Bruno Dumont’s controversial Cannes Grand Prix winner
L’Humanité attempts spiritual inquiry
with a rigorousness that’s lacking from its actual police-procedural plot. In a
gray, underpopulated northern seaside French town, detective Pharaon (Emmanuel
Schotté) runs madly through the countryside and lands face down in the mud,
from which director Dumont cuts away to a shot of a dead 11-year-old girl’s
mutilated vagina. A heavyhanded jolt attuned to the forthcoming portrait of
Pharaon as an empty vessel in search of himself – and, more crucially, some
enlightenment on the questions of individual purpose and higher powers – this
jarring introduction is the gateway to an almost absurdly prolonged middle
section in which Pharaon, apparently a borderline moron, does little
investigating but much hanging out with his neighbor Domino (Séverine Caneele)

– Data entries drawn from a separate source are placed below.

lemma maximal_ZIr_set_U_Y1: "maximal_ZIr_set HV HE {U, Y 1}"
  unfolding maximal_ZIr_set_def
proof (intro conjI allI impI notI)
  have Y1: "Y 1 \<in> HV" using in_HV(3)[of 1] s_ge_3 by simp
  show "ZIr_set HV HE {U, Y 1}"
    unfolding ZIr_set_def
  proof (intro conjI ballI)
    show "{U, Y 1} \<subseteq> HV" using in_HV(1) Y1 by blast
    have "{U, Y 1} \<inter> insert U Ws = {U}" "{U, Y 1} \<inter> (HV - {U}) = {Y 1}" using Y1 by auto
    then show "\<exists>F. fort HV HE F \<and> {U, Y 1} \<inter> F = {z}" if "z \<in> {U, Y 1}" for z
      using that fort_U_Ws fort_HV_minus_U by blast
  qed
  fix S' assume S': "{U, Y 1} \<subset> S'" "S' \<subseteq> HV" "ZIr_set HV HE S'"
  then have private_fort: "\<exists>F. fort HV HE F \<and> S' \<inter> F = {x}" if "x \<in> S'" for x
    using that unfolding ZIr_set_def by blast
  obtain x where x: "x \<in> S'" "x \<noteq> U" "x \<noteq> Y 1" using S'(1) by blast
  then have "x \<in> HV" using S'(2) by blast
  then show False
  proof (cases rule: HV_cases)
    case U
    then show ?thesis using x by simp
  next
    case (W i)
    obtain F where F: "fort HV HE F" "S' \<inter> F = {U}" using private_fort[of U] S'(1) by blast
    then have "U \<in> F" "Y 1 \<notin> F" using S'(1) by auto
    then have "x \<in> F" using fort_Ws_subset[OF F(1)] W by blast
    then show False using F(2) x by blast
  next
    case (Y j)
    obtain F where F: "fort HV HE F" "S' \<inter> F = {x}" using private_fort[OF x(1)] by blast
    then have "Y 1 \<notin> F" "x \<in> F" using S'(1) x by auto
    then show False using fort_Y_notin_if_Y1_notin[OF F(1)] Y by blast
  qed
qed

definition odds :: "nat set" where
  "odds = {j \<in> {1..s}. odd j}"

lemma path_cover_odds: "odd s \<Longrightarrow> path_cover odds"
  using s_ge_3 unfolding path_cover_def odds_def by auto

lemma path_cover_insert: "path_cover P \<Longrightarrow> j \<in> {1..s} \<Longrightarrow> path_cover (insert j P)"
  unfolding path_cover_def by blast

lemma two_disjoint_forts:
  assumes "odd s" "x \<in> HV"
  shows "\<exists>F1 F2. fort HV HE F1 \<and> fort HV HE F2 \<and> F1 \<inter> F2 = {} \<and> x \<in> F1"
proof -
  have path_fort: "fort HV HE ({} \<union> {U} \<union> Y ` P)" if "path_cover P" for P
    using fort_path_cover[OF _ that] by blast
  have disj: "({} \<union> {U} \<union> Y ` P) \<inter> {W i, W j} = {}" "{W i, W j} \<inter> ({} \<union> {U} \<union> Y ` P) = {}"
    for P i j by auto
  have pair_fort: "fort HV HE {W i, W (if i = 1 then 2 else 1)}" if "i \<in> {1..r}" for i
    using fort_W_pair[OF that] that r_ge_2 by auto
  have odds_fort: "fort HV HE ({} \<union> {U} \<union> Y ` odds)"
    using path_fort[OF path_cover_odds[OF assms(1)]] .
  have W12_fort: "fort HV HE {W 1, W 2}" using pair_fort[of 1] r_ge_2 by simp
  from assms(2) show ?thesis
  proof (cases rule: HV_cases)
    case U
    then show ?thesis using odds_fort W12_fort disj(1) by blast
  next
    case (W i)
    then show ?thesis using odds_fort pair_fort[of i] disj(2) by blast
  next
    case (Y j)
    then have "fort HV HE ({} \<union> {U} \<union> Y ` insert j odds)"
      using path_fort path_cover_insert path_cover_odds[OF assms(1)] by blast
    then show ?thesis using W12_fort disj(1) Y by blast
  qed
qed
lemma umeas_mono:
  assumes "J \<in> DD D" "S \<in> sets M" "S \<subseteq> J"
  shows "umeas S \<le> umeas J"
  using set_integrable_u[OF assms] u_loc_int assms u_nonneg
  unfolding umeas_def set_lebesgue_integral_def set_integrable_def
  by (intro integral_mono) (auto split: split_indicator)

lemma nn_integral_u_eq_umeas:
  assumes "I \<in> DD D"
  shows "(\<integral>\<^sup>+ y. ennreal (u y) * indicator I y \<partial>M) = ennreal (umeas I)"
proof -
  have "(\<integral>\<^sup>+ y. ennreal (u y) * indicator I y \<partial>M) = (\<integral>\<^sup>+ y. ennreal (indicator I y * u y) \<partial>M)"
    by (intro nn_integral_cong) (auto split: split_indicator)
  also have "\<dots> = ennreal (integral\<^sup>L M (\<lambda>y. indicator I y * u y))"
    using u_loc_int assms u_nonneg unfolding set_integrable_def
    by (intro nn_integral_eq_integral) (auto split: split_indicator)
  also have "\<dots> = ennreal (umeas I)"
    unfolding umeas_def set_lebesgue_integral_def by simp
  finally show ?thesis .
qed

lemma avg_u_eq: "avg M I u = umeas I / measure M I"
  unfolding avg_def umeas_def ..

lemma avg_u_nonneg: "I \<in> DD D \<Longrightarrow> 0 \<le> avg M I u"
  unfolding avg_u_eq using umeas_nonneg[OF DD_sets] measure_DD_pos by (simp add: less_imp_le)

lemma avg_le_maxf:
  assumes I: "I \<in> DD D" and "I \<subseteq> L" "x \<in> I"
  shows "ennreal (avg M I u) \<le> maxf M D (\<lambda>y. indicator L y * u y) x"
proof -
  have "(\<integral>\<^sup>+ y. ennreal \<bar>indicator L y * u y\<bar> * indicator I y \<partial>M)
      = (\<integral>\<^sup>+ y. ennreal (u y) * indicator I y \<partial>M)"
    using u_nonneg \<open>I \<subseteq> L\<close> by (intro nn_integral_cong) (auto split: split_indicator)
  also have "\<dots> = ennreal (umeas I)" by (rule nn_integral_u_eq_umeas[OF I])
  also have "\<dots> = ennreal (avg M I u) * emeasure M I"
    using measure_DD_pos[OF I] emeasure_DD_eq[OF I] umeas_nonneg[OF DD_sets[OF I]]
    by (simp add: avg_u_eq ennreal_mult[symmetric])
  finally have "ennreal (avg M I u)
      = (\<integral>\<^sup>+ y. ennreal \<bar>indicator L y * u y\<bar> * indicator I y \<partial>M) / emeasure M I"
    using emeasure_DD_pos[OF I] emeasure_DD_finite[OF I]
    by (simp add: ennreal_mult_divide_eq)
  also have "\<dots> \<le> maxf M D (\<lambda>y. indicator L y * u y) x"
    unfolding maxf_def using assms by (intro SUP_upper) auto
  finally show ?thesis .
qed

and her crass boyfriend Joseph (Philippe Tullier). Dumont’s Cinemascope imagery
is often majestic, situating tiny, lonely people amidst an imposing countryside
that seems to mock their ignorance and insignificance. Still, though often
pretty to look at,
L’Humanité’s
aesthetic is so fixated on life’s repugnance that it soon devolves into
self-conscious pretentiousness. If its overly manicured compositions seem
designed to provoke groans, its narrative takes such provocation a step
further, focusing on a blank-slate idiot and indulging in ugliness (unattractive
folk doing the bump-and-grind, Pharaon sniffing suspects, another vagina
close-up) as a way of illustrating man’s base animalism, all while forgoing so
much character depth and basic logic (Pharaon may be the most incompetent police
officer of all time) that the entire film soon feels like an overly deliberate
meta-Bressonian prank.
Hey Nick I enjoy your reviews but you got to give Humanite a second chance. I love its fixation on life's repugnance. How many filmmakers actually have the nerve to go there and be thoughtful about it?